:: TASK ::
Report only the number of lines in the following entries where the word "else" occurs.

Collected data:
definition tswap :: "tableau \<Rightarrow> nat \<Rightarrow> nat \<Rightarrow> tableau" where
  "tswap t i j = t \<circ> swp i j"

type_synonym vec = "tableau \<Rightarrow> K"

definition delta :: "tableau \<Rightarrow> vec" where
  "delta t = (\<lambda>t'. if t' = t then 1 else 0)"

definition coef_a :: "int \<Rightarrow> K" where
  "coef_a m = (ss - 1) / (1 - ss powi m)"

definition coef_b :: "int \<Rightarrow> K" where
  "coef_b m = ss * (1 - ss powi (m + 1)) * (1 - ss powi (m - 1)) / (1 - ss powi m)^2"

text \<open>In the last case the coefficients are
  those forced by the formula for t' = t^{(i,i+1)} together with the quadratic relation:
  if t' T_i = a t' + b t then t T_i = ((s-1)a + s - a^2)/b t' + (s-1-a) t.\<close>
definition hecke_img :: "tableau \<Rightarrow> nat \<Rightarrow> vec" where
  "hecke_img t i =
    (if fst (t i) = fst (t (Suc i)) then (\<lambda>t'. ss * delta t t')
     else if snd (t i) = snd (t (Suc i)) then (\<lambda>t'. - delta t t')
     else if fst (t i) > fst (t (Suc i)) then
       (let m = CT t (Suc i) - CT t i
        in (\<lambda>t'. coef_a m * delta t t' + coef_b m * delta (tswap t i (Suc i)) t'))
     else
       (let t2 = tswap t i (Suc i); m = CT t2 (Suc i) - CT t2 i;
            a = coef_a m; b = coef_b m
        in (\<lambda>t'. (ss - 1 - a) * delta t t' + (((ss - 1) * a + ss - a^2) / b) * delta t2 t')))"
(* Consider problem (RCL) as defined in the context, and suppose: (A1) for every $i\in\{1,\dots,m\}$, $\mathcal{D}_{\boldsymbol{X}_i}$ is absolutely continuous with respect to $\mathcal{D}_{\boldsymbol{X}_0}$, and $\mathcal{D}_{\boldsymbol{X}_0}$ is nonatomic; (A2) for each $i\in\{0,\dots,m\}$ and every $\boldsymbol f\in\mathcal F$, the function $(\boldsymbol x,y)\mapsto \ell_i(\boldsymbol f(\boldsymbol x),y)$ belongs to $\mathcal{Z}^i_2=\mathcal{L}_{p'}(\mathcal{D}_i,\mathbb{R})$, and $\mathcal F$ is decomposable. Then for each $i\in\{1,\dots,m\}$ there exist a convex, proper, lower-semicontinuous and positively homogeneous risk measure $\widetilde{\rho}_i:\mathcal{L}_1(\mathcal{D}_{\boldsymbol{X}_0},\mathbb{R})\to\mathbb{R}$ and a function $G_i:\mathbb{R}^k\times\mathbb{R}^d\to\mathbb{R}$ with $G_i(\boldsymbol f(\cdot),\cdot)\in\mathcal{L}_1(\mathcal{D}_{\boldsymbol{X}_0},\mathbb{R})$ for all $\boldsymbol f\in\mathcal F$, such that for every $\boldsymbol f\in\mathcal F$, $$\rho_0\big(\widehat\rho_0(\ell_0(\boldsymbol f(\boldsymbol X_0),Y_0)\mid \boldsymbol X_0)\big)=\rho_0\big(F_0(\boldsymbol f(\boldsymbol X_0),\boldsymbol X_0)\big),$$ $$\rho_i\big(\widehat\rho_i(\ell_i(\boldsymbol f(\boldsymbol X_i),Y_i)\mid \boldsymbol X_i)\big)=\widetilde\rho_i\big(G_i(\boldsymbol f(\boldsymbol X_0),\boldsymbol X_0)\big),\quad i=1,\dots,m.$$ Consequently (RCL) is equivalent to the problem $$\min_{\boldsymbol f\in\mathcal F}\ \rho_0\big(F_0(\boldsymbol f(\boldsymbol X_0),\boldsymbol X_0)\big)\quad\text{s.t.}\quad \widetilde\rho_i\big(G_i(\boldsymbol f(\boldsymbol X_0),\boldsymbol X_0)\big)\le c_i,\ i=1,\dots,m,$$ in which all risk terms are evaluated on functions of the single random vector $\boldsymbol X_0$ with distribution $\mathcal D_{\boldsymbol X_0}$.
   Context: Let $(\Omega,\mathscr F,\mu)$ be a complete probability space. For $i\in\{0,1,\dots,m\}$, let $(\boldsymbol X_i,Y_i):\Omega\to\mathbb R^d\times\mathbb R$ be random pairs with Borel distributions $\mathcal D_i$ on $\mathbb R^d\times\mathbb R$; $\mathcal D_{\boldsymbol X_i}$ denotes the marginal of $\boldsymbol X_i$ and $\mathcal D_{Y_i|\boldsymbol X_i}$ the conditional distribution of $Y_i$ given $\boldsymbol X_i$. A measure $P$ is nonatomic if every event $E$ with $P(E)>0$ contains an event $E'$ with $P(E)>P(E')>0$. Conditional risk mappings: fix $p,p'\in[1,\infty]$ and set $\mathcal Z^i_1=\mathcal L_p(\Omega,\sigma(\boldsymbol X_i),\mu;\mathbb R)$, $\mathcal Z^i_2=\mathcal L_{p'}(\mathcal D_i,\mathbb R)$, $\mathcal Z^i_3=\mathcal L_{p'}(\mathcal D_{Y_i|\boldsymbol X_i},\mathbb R)$. A conditional risk mapping is a map $\widehat\rho(\cdot\mid\boldsymbol X_i):\mathcal Z^i_2\to\mathcal Z^i_1$ such that for every Borel $Z:\mathbb R^{d+1}\to\mathbb R$ in $\mathcal Z^i_2$ and every $\omega\in\Omega$, $\widehat\rho(Z(\boldsymbol X_i,Y_i)\mid\boldsymbol X_i)(\omega)=\widehat\rho(Z(\boldsymbol x,Y_i)\mid\boldsymbol X_i)(\omega)\big|_{\boldsymbol x=\boldsymbol X_i(\omega)}$ (substitution rule), where for fixed $\boldsymbol x$ the instantiation $\widehat\rho(Z(\boldsymbol x,\cdot)\mid\boldsymbol X_i)(\omega)$ is a real-valued risk functional on $\mathcal Z^i_3$. No convexity, monotonicity or homogeneity is required of $\widehat\rho$ (examples: conditional expectation, conditional CVaR, conditional mean-upper-semideviation). Problem (RCL): let $\ell_i:\mathbb R^k\times\mathbb R\to\mathbb R_+$ ($i=0,\dots,m$) be arbitrary (possibly nonconvex, discontinuous) loss functions, $c_i\in\mathbb R$, $\mathcal F$ a set of measurable functions $\boldsymbol f:\mathbb R^d\to\mathbb R^k$, $\widehat\rho_i(\cdot\mid\boldsymbol X_i)$ conditional risk mappings, and $\rho_i:\mathcal L_1(\mathcal D_{\boldsymbol X_i},\mathbb R)\to\mathbb R$ real-valued, convex, lower semicontinuous and positively homogeneous risk measures (equivalently, $\rho_i(Z)=\sup_{\zeta\in\mathbb A_i}\int\zeta Z\,d\mathcal D_{\boldsymbol X_i}$ for a bounded set $\mathbb A_i\subseteq\mathcal L_\infty(\mathcal D_{\boldsymbol X_i},\mathbb R)$). (RCL) is: minimize over $\boldsymbol f\in\mathcal F$ the quantity $\rho_0(\widehat\rho_0(\ell_0(\boldsymbol f(\boldsymbol X_0),Y_0)\mid\boldsymbol X_0))$ subject to $\rho_i(\widehat\rho_i(\ell_i(\boldsymbol f(\boldsymbol X_i),Y_i)\mid\boldsymbol X_i))\le c_i$ for $i=1,\dots,m$. $F_i$: for $\boldsymbol z\in\mathbb R^k$ and $\boldsymbol x\in\mathbb R^d$, $F_i(\boldsymbol z,\boldsymbol x)$ denotes the value of $\widehat\rho_i(\ell_i(\boldsymbol z,Y_i)\mid\boldsymbol X_i)$ at $\boldsymbol X_i=\boldsymbol x$, so that by the substitution rule $\widehat\rho_i(\ell_i(\boldsymbol f(\boldsymbol X_i),Y_i)\mid\boldsymbol X_i)=F_i(\boldsymbol f(\boldsymbol X_i),\boldsymbol X_i)$ and $F_i(\boldsymbol f(\cdot),\cdot)\in\mathcal L_p(\mathcal D_{\boldsymbol X_i},\mathbb R)$. A set $\mathcal F$ of measurable functions on $\mathbb R^d$ is decomposable if for all $\boldsymbol f,\boldsymbol g\in\mathcal F$ and every Borel set $E\subseteq\mathbb R^d$, the function $\boldsymbol f\mathbf 1_E+\boldsymbol g\mathbf 1_{E^c}$ belongs to $\mathcal F$. *)

theory Defs
  imports "HOL-Probability.Probability"
begin

definition memLp :: "'a measure \<Rightarrow> ennreal \<Rightarrow> ('a \<Rightarrow> real) \<Rightarrow> bool" where
  "memLp P p f \<longleftrightarrow> f \<in> borel_measurable P \<and>
     (if p = \<infinity> then (\<exists>C. AE x in P. \<bar>f x\<bar> \<le> C)
      else integrable P (\<lambda>x. \<bar>f x\<bar> powr enn2real p))"

definition nonatomic :: "'a measure \<Rightarrow> bool" where
  "nonatomic P \<longleftrightarrow> (\<forall>E\<in>sets P. 0 < measure P E \<longrightarrow>
      (\<exists>E'\<in>sets P. E' \<subseteq> E \<and> 0 < measure P E' \<and> measure P E' < measure P E))"

definition decomposable :: "('a::topological_space \<Rightarrow> 'b) set \<Rightarrow> bool" where
  "decomposable FF \<longleftrightarrow> (\<forall>f\<in>FF. \<forall>g\<in>FF. \<forall>E\<in>sets borel.
      (\<lambda>x. if x \<in> E then f x else g x) \<in> FF)"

:: TASK OUTPUT ::
6